GSEA-P: a desktop application for Gene Set Enrichment Analysis

Subramanian, Aravind; Kuehn, Heidi; Gould, Joshua; Tamayo, Pablo; Mesirov, Jill P.

doi:10.1093/bioinformatics/btm369

Abstract

Gene Set Enrichment Analysis (GSEA) is a computational method that assesses whether an a priori defined set of genes shows statistically significant, concordant differences between two biological states. We report the availability of a new version of the Java based software (GSEA-P 2.0) that represents a major improvement on the previous release through the addition of a leading edge analysis component, seamless integration with the Molecular Signature Database (MSigDB) and an embedded browser that allows users to search for gene sets and map them to a variety of microarray platform formats. This functionality makes it possible for users to directly import gene sets from MSigDB for analysis with GSEA. We have also improved the visualizations in GSEA-P 2.0 and added links to a new form of concise gene set annotations called Gene Set Cards. These additions, as well as other improvements suggested by over 3500 users who have downloaded the software over the past year have been incorporated into this new release of the GSEA-P Java desktop program.

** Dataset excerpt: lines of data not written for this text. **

lemma holomorphic_hyp1F1 [holomorphic_intros]:
  fixes a c :: real
  assumes "0 < a" "a \<le> c" "g holomorphic_on S"
  shows "(\<lambda>w. hyp1F1 a c (g w)) holomorphic_on S"
proof -
  define coeff :: "nat \<Rightarrow> complex"
    where "coeff k = pochhammer (of_real a) k / pochhammer (of_real c) k / fact k" for k
  have "hyp1F1 a c = (\<lambda>z. \<Sum>k. coeff k * z ^ k)"
    by (auto simp: hyp1F1_def coeff_def fun_eq_iff)
  moreover have "summable (\<lambda>k. coeff k * z ^ k)" for z
    using summable_norm_cancel[OF summable_norm_hyp1F1_term[OF assms(1,2), of z]]
    by (simp add: coeff_def)
  ultimately have "hyp1F1 a c holomorphic_on UNIV"
    unfolding holomorphic_on_def using termdiffs_strong_converges_everywhere
    by (metis field_differentiable_at_within field_differentiable_def)
  from holomorphic_on_compose[OF assms(3) holomorphic_on_subset[OF this]] show ?thesis
    by (simp add: o_def)
qed

lemma hyp1F1_real_ge_term:
  fixes a c y :: real
  assumes "0 < a" "a \<le> c" "0 \<le> y"
  shows "pochhammer a k / pochhammer c k * y ^ k / fact k \<le> hyp1F1_real a c y"
  unfolding hyp1F1_real_def
  using sum_le_suminf[OF summable_hyp1F1_real_term[OF assms], of "{k}"]
    hyp1F1_real_term_nonneg[OF assms] by simp

lemma hyp1F1_real_ge_1:
  fixes a c y :: real
  assumes "0 < a" "a \<le> c" "0 \<le> y"
  shows "1 \<le> hyp1F1_real a c y"
  using hyp1F1_real_ge_term[OF assms, of 0] by simp

lemma pochhammer_binomial_series:
  fixes a x :: real
  assumes "\<bar>x\<bar> < 1"
  shows "(\<lambda>k. pochhammer a k * x ^ k / fact k) sums (1 - x) powr (- a)"
proof -
  have "((- a) gchoose k) * (- x) ^ k = pochhammer a k * x ^ k / fact k" for k
    by (simp add: gbinomial_pochhammer power_mult_distrib[symmetric])
  then show ?thesis
    using gen_binomial_real[of "- x" "- a"] assms by simp
qed

lemma hyp1F1_real_scaled_le:
  fixes a c x :: real
  assumes "0 < a" "a \<le> c" "0 \<le> x" "x < 1"
  shows "hyp1F1_real a c (c * x) \<le> (1 - x) powr (- a)"
  unfolding hyp1F1_real_def
proof (rule sums_le[OF _ summable_sums pochhammer_binomial_series])
  fix k
  have "c ^ k * x ^ k \<le> pochhammer c k * x ^ k"
    using assms power_le_pochhammer[of c k] by (intro mult_right_mono) auto
  then have "(c * x) ^ k / pochhammer c k \<le> x ^ k"
    using assms pochhammer_pos[of c k] by (simp add: power_mult_distrib divide_le_eq mult.commute)
  then show "pochhammer a k / pochhammer c k * (c * x) ^ k / fact k
      \<le> pochhammer a k * x ^ k / fact k"
    using assms pochhammer_pos[of a k]
    by (intro divide_right_mono)
      (auto simp: mult_left_mono times_divide_eq_right[symmetric] simp del: times_divide_eq_right)
qed (use assms summable_hyp1F1_real_term[of a c "c * x"] in auto)

lemma hyp1F1_real_ge_power:
  fixes a c y :: real
  assumes "0 < a" "a \<le> c" "0 \<le> y" "1 \<le> K"
  shows "a / K * (y / (c + K)) ^ K \<le> hyp1F1_real a c y"
proof -
  obtain m where m: "K = Suc m" using assms(4) by (cases K) auto
  have "a * fact m \<le> pochhammer a K"
    using pochhammer_mono[of 1 "a + 1" m] assms by (simp add: m pochhammer_rec pochhammer_fact)
  moreover have "pochhammer c K \<le> (c + K) ^ K"
    using assms by (intro pochhammer_le_power) auto
  moreover have "0 < pochhammer c K" using assms by (intro pochhammer_pos) auto
  ultimately have "a * fact m / fact K * (y ^ K / (c + K) ^ K)
      \<le> pochhammer a K / fact K * (y ^ K / pochhammer c K)"
    using assms pochhammer_pos[of a K] by (intro mult_mono divide_right_mono divide_left_mono) auto
  also have "\<dots> \<le> hyp1F1_real a c y"
    using hyp1F1_real_ge_term[OF assms(1-3), of K] by (simp add: ac_simps)
  finally show ?thesis
    by (simp add: m power_divide)
qed

lemma hyp1F1_real_scaled_exp_growth:
  fixes a s :: real
  assumes "0 < a" "1 < s"
  shows "\<exists>\<delta>>0. \<forall>\<^sub>F c in at_top. exp (\<delta> * c) \<le> hyp1F1_real a c (c * s)"
proof -
  \<comment> \<open>Already the term of index \<open>K = \<lfloor>t c\<rfloor>\<close> is at least \<open>a / K * q ^ K\<close> with \<open>q > 1\<close>.\<close>
  define t where "t = (s - 1) / 2"
  define q where "q = s / (1 + t)"
  define L where "L = ln q"
  have t: "0 < t" and q: "1 < q" and L: "0 < L"
    using assms by (simp_all add: t_def q_def L_def field_simps)
  have "\<forall>\<^sub>F c in at_top. t * L / 2 * c \<le> ln a - ln (t * c) + (t * c - 1) * L"
    using assms t L by real_asymp
  moreover have "\<forall>\<^sub>F c in at_top. max a (1 / t) \<le> c" by (rule eventually_ge_at_top)
  ultimately have "\<forall>\<^sub>F c in at_top. exp (t * L / 2 * c) \<le> hyp1F1_real a c (c * s)"
  proof eventually_elim
    case (elim c)
    then have "a \<le> c" "1 \<le> t * c" using t by (auto simp: field_simps)
    define K where "K = nat \<lfloor>t * c\<rfloor>"
    have K: "real K \<le> t * c" "t * c - 1 \<le> real K" "1 \<le> K"
      using \<open>1 \<le> t * c\<close> unfolding K_def by linarith+
    have "ln K \<le> ln (t * c)" "(t * c - 1) * L \<le> K * L"
      using K L by (auto intro: mult_right_mono)
    then have "exp (t * L / 2 * c) \<le> exp (ln a - ln K + K * L)"
      using elim(1) by simp
    also have "\<dots> = a / K * q ^ K"
      using assms K q by (simp add: exp_diff exp_add exp_of_nat_mult L_def)
    also have "\<dots> \<le> a / K * ((c * s) / (c + K)) ^ K"
    proof -
      have "q \<le> (c * s) / (c + K)"
        using K t assms \<open>a \<le> c\<close> by (simp add: q_def field_simps mult_left_mono)
      then show ?thesis using assms q by (intro mult_left_mono power_mono) auto
    qed
    also have "\<dots> \<le> hyp1F1_real a c (c * s)"
      using assms \<open>a \<le> c\<close> K by (intro hyp1F1_real_ge_power) auto
    finally show ?case .
  qed
  then show ?thesis using t L by (intro exI[of _ "t * L / 2"]) auto
qed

Availability: GSEA-P 2.0 is freely available for academic and commercial users and can be downloaded from http://www.broad.mit.edu/GSEA

Contact: mesirov@broad.mit.edu

Supplementary information: Supplementary data are available at Bioinformatics online.

1 INTRODUCTION

The selection of differentially expressed genes helps associate biological phenotypes with their underlying molecular mechanisms thereby providing insights into biological function. However, analyzing and interpreting a given list of genes can be challenging due to the difficulty of objectively evaluating members of a given pathway or functional class represented in a gene list. Additionally, single gene-marker-based approaches can fail to detect transcriptional programs that are distributed across an entire network of genes yet are subtle at the level of individual genes.

To address this problem we previously introduced a statistical methodology called Gene Set Enrichment Analysis (GSEA) for determining whether a given gene set is significantly enriched in a list of gene markers ranked by their correlation with a phenotype of interest (Mootha et al., 2003), (Subramanian et al., 2005). The method has been successfully used to discover metabolic pathways altered in human diabetes (Mootha et al., 2003), compare expression profiles of mouse and humans (Sweet-Cordero et al., 2005), reveal more consistency between independent lung cancer outcome datasets at the gene set level than at the single gene level (Subramanian et al., 2005) and characterize molecular phenotypes in acute megakaryoblastic leukemia (Bourquin et al., 2006), amongst many other applications.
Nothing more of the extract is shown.